As Tommy, Pesci wisecracked, pontificated, wooed, and murdered too convincingly for comfort. The performance earned him his second Oscar nomination for Best Supporting Actor, and when the big night came in 1991 Pesci won the award.

While Pesci steals a number of scenes in the film, he hits a particular high in a scene he suggested to Scorsese. It takes place at the crew’s hangout, the Bamboo Lounge, and it starts with Tommy telling a hilarious story. At the end, Henry Hill (Ray Liotta) tells his friend he’s “really funny.”

That’s when things get uncomfortable. “What do you mean I’m funny?” Tommy asks Henry. For the next 65 seconds, Tommy keeps asking the question in increasingly menacing ways. Meanwhile, the otherwise active Goodfellas camerawork halts, settling in with two medium shots.
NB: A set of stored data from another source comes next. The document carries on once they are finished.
(* (i) Any one-vertex ribbon graph with cyclic word $(A\,t\,B\,\bar t\,C)$ is connected, in the category $\mathrm{RI}_S$, to the one with cyclic word $(A\,C\,t\,B\,\bar t)$. (ii) Every connected one-vertex ribbon graph with outer flag set $S$ lies in the same connected component of $\mathrm{RI}_S$ as a one-vertex ribbon graph whose cyclic word is in normal form $$(S_1\,l_1\,S_2\,\bar l_1\,l_2\,S_3\,\bar l_2\cdots l_{b-1}\,S_b\,\bar l_{b-1}\;e_1\bar e_1\cdots e_p\bar e_p\;a_1b_1\bar a_1\bar b_1\cdots a_gb_g\bar a_g\bar b_g),$$ where $S_1,\dots,S_b$ are nonempty words in the outer flags with $S=S_1\sqcup\dots\sqcup S_b$ and $0<|S_1|\le\dots\le|S_b|$, and $l_i,e_j,a_k,b_k$ (with their barred partners) are the loops.
   Context: A graph $(F,V,\partial,\imath)$ has finite flag set $F$, vertex set $V$, incidence $\partial:F\to V$ and involution $\imath$ whose 2-element orbits are edges and whose fixed points are outer flags. A ribbon graph is a graph with a cyclic order (single-orbit permutation) on each $F_v=\partial^{-1}(v)$. A one-vertex ribbon graph is represented by a cyclic word listing all flags in cyclic order; the two flags of a loop are written $t,\bar t$ (or $l_i,\bar l_i$ etc.), outer flags by other letters; $A,B,C$ denote (possibly empty) words. Contracting a non-loop edge $\{s,t\}$ merges its vertices and deletes $s,t$, the merged vertex receiving the cyclic order $x\mapsto(\rho\tau_{st})^m(x)$, $\rho=\sigma_{\partial s}\sqcup\sigma_{\partial t}$, $m\ge1$ minimal with result not in $\{s,t\}$. $\mathrm{RI}_S$ is the category whose objects are connected ribbon graphs with outer flag set $S$ and whose morphisms are composites of isomorphisms of ribbon graphs (graph isomorphisms transporting the cyclic orders) and contractions of non-loop edges, restricting to the identity on $S$. *)

theory Defs
  imports Main
begin

text \<open>Ribbon graphs: flag set F, vertex set V, incidence bd, involution inv,
  and a permutation cyc of F whose restriction to each fibre F_v is a cyclic order.
  Values of the functions outside the carriers are irrelevant (all notions below
  only look at the carriers).\<close>

record ('f, 'v) rgraph =
  flags :: "'f set"
  verts :: "'v set"
  bd    :: "'f \<Rightarrow> 'v"
  inv   :: "'f \<Rightarrow> 'f"
  cyc   :: "'f \<Rightarrow> 'f"

definition ribbon_graph :: "('f, 'v) rgraph \<Rightarrow> bool" where
  "ribbon_graph G \<longleftrightarrow>
     finite (flags G) \<and> finite (verts G) \<and>
     (\<forall>f\<in>flags G. bd G f \<in> verts G) \<and>
     (\<forall>f\<in>flags G. inv G f \<in> flags G \<and> inv G (inv G f) = f) \<and>
     bij_betw (cyc G) (flags G) (flags G) \<and>
     (\<forall>f\<in>flags G. bd G (cyc G f) = bd G f) \<and>
     (\<forall>f\<in>flags G. \<forall>g\<in>flags G. bd G f = bd G g \<longrightarrow> (\<exists>n. (cyc G ^^ n) f = g))"

definition outer_flags :: "('f, 'v) rgraph \<Rightarrow> 'f set" where
  "outer_flags G = {f \<in> flags G. inv G f = f}"

definition is_edge :: "('f, 'v) rgraph \<Rightarrow> 'f \<Rightarrow> 'f \<Rightarrow> bool" where
  "is_edge G s t \<longleftrightarrow> s \<in> flags G \<and> t \<in> flags G \<and> s \<noteq> t \<and> inv G s = t"

definition non_loop_edge :: "('f, 'v) rgraph \<Rightarrow> 'f \<Rightarrow> 'f \<Rightarrow> bool" where
  "non_loop_edge G s t \<longleftrightarrow> is_edge G s t \<and> bd G s \<noteq> bd G t"

definition adj_rel :: "('f, 'v) rgraph \<Rightarrow> ('v \<times> 'v) set" where
  "adj_rel G = {(bd G s, bd G (inv G s)) | s. s \<in> flags G}"

definition graph_connected :: "('f, 'v) rgraph \<Rightarrow> bool" where
  "graph_connected G \<longleftrightarrow> verts G \<noteq> {} \<and>
     (\<forall>u\<in>verts G. \<forall>w\<in>verts G. (u, w) \<in> (adj_rel G)\<^sup>*)"

definition RI_obj :: "'f set \<Rightarrow> ('f, 'v) rgraph \<Rightarrow> bool" where
  "RI_obj S G \<longleftrightarrow> ribbon_graph G \<and> graph_connected G \<and> outer_flags G = S"

definition rg_iso :: "'f set \<Rightarrow> ('f, 'v) rgraph \<Rightarrow> ('f, 'v) rgraph
                       \<Rightarrow> ('f \<Rightarrow> 'f) \<Rightarrow> ('v \<Rightarrow> 'v) \<Rightarrow> bool" where
  "rg_iso S G H \<phi> \<psi> \<longleftrightarrow>
     bij_betw \<phi> (flags G) (flags H) \<and> bij_betw \<psi> (verts G) (verts H) \<and>
     (\<forall>f\<in>flags G. bd H (\<phi> f) = \<psi> (bd G f) \<and> inv H (\<phi> f) = \<phi> (inv G f)
                  \<and> cyc H (\<phi> f) = \<phi> (cyc G f)) \<and>
     (\<forall>s\<in>S. \<phi> s = s)"

definition contr_step :: "('f, 'v) rgraph \<Rightarrow> 'f \<Rightarrow> 'f \<Rightarrow> 'f \<Rightarrow> 'f" where
  "contr_step G s t y = cyc G (if y = s then t else if y = t then s else y)"

definition contr_cyc :: "('f, 'v) rgraph \<Rightarrow> 'f \<Rightarrow> 'f \<Rightarrow> 'f \<Rightarrow> 'f" where
  "contr_cyc G s t x =
     (contr_step G s t ^^ (LEAST m. 1 \<le> m \<and> (contr_step G s t ^^ m) x \<notin> {s, t})) x"

definition is_contraction :: "('f, 'v) rgraph \<Rightarrow> 'f \<Rightarrow> 'f \<Rightarrow> ('f, 'v) rgraph \<Rightarrow> bool" where
  "is_contraction G s t H \<longleftrightarrow> non_loop_edge G s t \<and>
     (\<exists>w. w \<notin> verts G - {bd G s, bd G t} \<and>
        flags H = flags G - {s, t} \<and>
        verts H = (verts G - {bd G s, bd G t}) \<union> {w} \<and>
        (\<forall>f\<in>flags H.
           bd H f = (if bd G f \<in> {bd G s, bd G t} then w else bd G f) \<and>
           inv H f = inv G f \<and>
           cyc H f = (if bd G f \<in> {bd G s, bd G t} then contr_cyc G s t f else cyc G f)))"

text \<open>Generating morphisms of RI_S (composites of these are the morphisms).\<close>
definition RI_gen :: "'f set \<Rightarrow> ('f, 'v) rgraph \<Rightarrow> ('f, 'v) rgraph \<Rightarrow> bool" where
  "RI_gen S G H \<longleftrightarrow> RI_obj S G \<and> RI_obj S H \<and>
     ((\<exists>\<phi> \<psi>. rg_iso S G H \<phi> \<psi>) \<or> (\<exists>s t. is_contraction G s t H))"

definition RI_connected :: "'f set \<Rightarrow> ('f, 'v) rgraph \<Rightarrow> ('f, 'v) rgraph \<Rightarrow> bool" where
  "RI_connected S G H \<longleftrightarrow> (G, H) \<in> ({(X, Y). RI_gen S X Y} \<union> {(X, Y). RI_gen S Y X})\<^sup>*"

text \<open>One-vertex ribbon graph given by a cyclic word w (a list of distinct flags)
  and the involution iota pairing the two flags of each loop.\<close>
definition cyc_of_word :: "'f list \<Rightarrow> 'f \<Rightarrow> 'f" where
  "cyc_of_word w x =
     (if x \<in> set w then w ! (Suc (THE i. i < length w \<and> w ! i = x) mod length w) else x)"

definition word_graph :: "'v \<Rightarrow> 'f list \<Rightarrow> ('f \<Rightarrow> 'f) \<Rightarrow> ('f, 'v) rgraph" where
  "word_graph v w \<iota> = \<lparr> flags = set w, verts = {v}, bd = (\<lambda>_. v), inv = \<iota>,
                          cyc = cyc_of_word w \<rparr>"

definition nf_word :: "'f list list \<Rightarrow> ('f \<times> 'f) list \<Rightarrow> ('f \<times> 'f) list
                        \<Rightarrow> ('f \<times> 'f \<times> 'f \<times> 'f) list \<Rightarrow> 'f list" where
  "nf_word Ss ls es gs =
     (case Ss of [] \<Rightarrow> []
        | S1 # rest \<Rightarrow> S1 @ concat (map (\<lambda>((l, lb), Si). l # Si @ [lb]) (zip ls rest)))
     @ concat (map (\<lambda>(e, eb). [e, eb]) es)
     @ concat (map (\<lambda>(a, b, ab, bb). [a, b, ab, bb]) gs)"

definition is_normal_form :: "'f set \<Rightarrow> 'v \<Rightarrow> ('f, 'v) rgraph \<Rightarrow> bool" where
  "is_normal_form S v H \<longleftrightarrow>
     (\<exists>Ss ls es gs \<iota>.
        length ls = length Ss - 1 \<and>
        (\<forall>Si\<in>set Ss. Si \<noteq> []) \<and>
        sorted (map length Ss) \<and>
        set (concat Ss) = S \<and>
        distinct (nf_word Ss ls es gs) \<and>
        (\<forall>x\<in>set (concat Ss). \<iota> x = x) \<and>
        (\<forall>(l, lb)\<in>set ls. \<iota> l = lb \<and> \<iota> lb = l) \<and>
        (\<forall>(e, eb)\<in>set es. \<iota> e = eb \<and> \<iota> eb = e) \<and>
        (\<forall>(a, b, ab, bb)\<in>set gs. \<iota> a = ab \<and> \<iota> ab = a \<and> \<iota> b = bb \<and> \<iota> bb = b) \<and>
        H = word_graph v (nf_word Ss ls es gs) \<iota>)"

end

theory Submission
  imports Defs
begin

text \<open>
  Part (i) is a zig-zag of two edge contractions. Cutting the vertex open along a fresh edge
  \<open>{s, s'}\<close> gives a two-vertex graph with cyclic words \<open>s A t\<close> and \<open>s' B t\<^sub>b C\<close>; contracting
  \<open>{s, s'}\<close> returns \<open>A t B t\<^sub>b C\<close>, while contracting \<open>{t, t\<^sub>b}\<close> gives \<open>s A C s' B\<close>, which is
  \<open>A C t B t\<^sub>b\<close> after renaming \<open>s, s'\<close> to \<open>t\<^sub>b, t\<close>.

  For part (ii), rotations together with the move of (i) generate an equivalence of cyclic words
  that preserves the connected component in \<open>RI\<^sub>S\<close>. Modulo this equivalence, loop blocks
  \<open>t B t\<^sub>b\<close> and handles \<open>a b a\<^sub>b b\<^sub>b\<close> slide freely through the word. By induction on the length,
  peel off an innermost loop \<open>y B y\<^sub>b\<close>: if \<open>B\<close> contains a flag \<open>z\<close> of another loop, then \<open>z\<^sub>b\<close>
  lies outside and the two loops can be rearranged into a handle; otherwise \<open>B\<close> consists of outer
  flags and the loop is inserted as a boundary block at its place in the order of sizes. Finally,
  a one-vertex ribbon graph is isomorphic to the graph of the word listing its flags in cyclic order.
\<close>

section \<open>Cyclic words\<close>

lemma cyc_of_word_nth:
  assumes "distinct w" "i < length w"
  shows "cyc_of_word w (w ! i) = w ! (Suc i mod length w)"
proof -
  have "(THE k. k < length w \<and> w ! k = w ! i) = i"
    using assms by (auto intro!: the_equality simp: nth_eq_iff_index_eq)
  then show ?thesis using assms by (simp add: cyc_of_word_def)
qed

lemma cyc_of_word_notin: "x \<notin> set w \<Longrightarrow> cyc_of_word w x = x"
  by (simp add: cyc_of_word_def)

lemma cyc_of_word_in_set:
  assumes "distinct w" "x \<in> set w"
  shows "cyc_of_word w x \<in> set w"
proof -
  obtain i where "i < length w" "x = w ! i" using assms(2) by (auto simp: in_set_conv_nth)
  moreover have "Suc i mod length w < length w" using \<open>i < length w\<close> by (intro mod_less_divisor) auto
  ultimately show ?thesis using assms(1) cyc_of_word_nth[of w i] by (metis nth_mem)
qed

lemma cyc_of_word_next:
  assumes "distinct (p @ x # y # q)"
  shows "cyc_of_word (p @ x # y # q) x = y"
  using cyc_of_word_nth[OF assms, of "length p"] by (simp add: nth_append)

lemma cyc_of_word_last:
  assumes "distinct (y # p @ [x])"
  shows "cyc_of_word (y # p @ [x]) x = y"
  using cyc_of_word_nth[OF assms, of "Suc (length p)"] by (simp add: nth_append)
Martin Scorsese’s signature ‘Goodfellas’ shots feature a great deal of movement

Joe Pesci laughing
Joe Pesci with Robert De Niro, Spike Lee, and MAatin Scorsese|The LIFE Picture Collection via Getty Images

Scorsese and Goodfellas director of photography Michael Ballhaus received widespread praise for their work on this picture, and the camerawork is rarely a background feature. In the film’s two signature Steadicam shots (including the one at the Copacabana), the camera swoops with abandon. It’s meant to be noticed.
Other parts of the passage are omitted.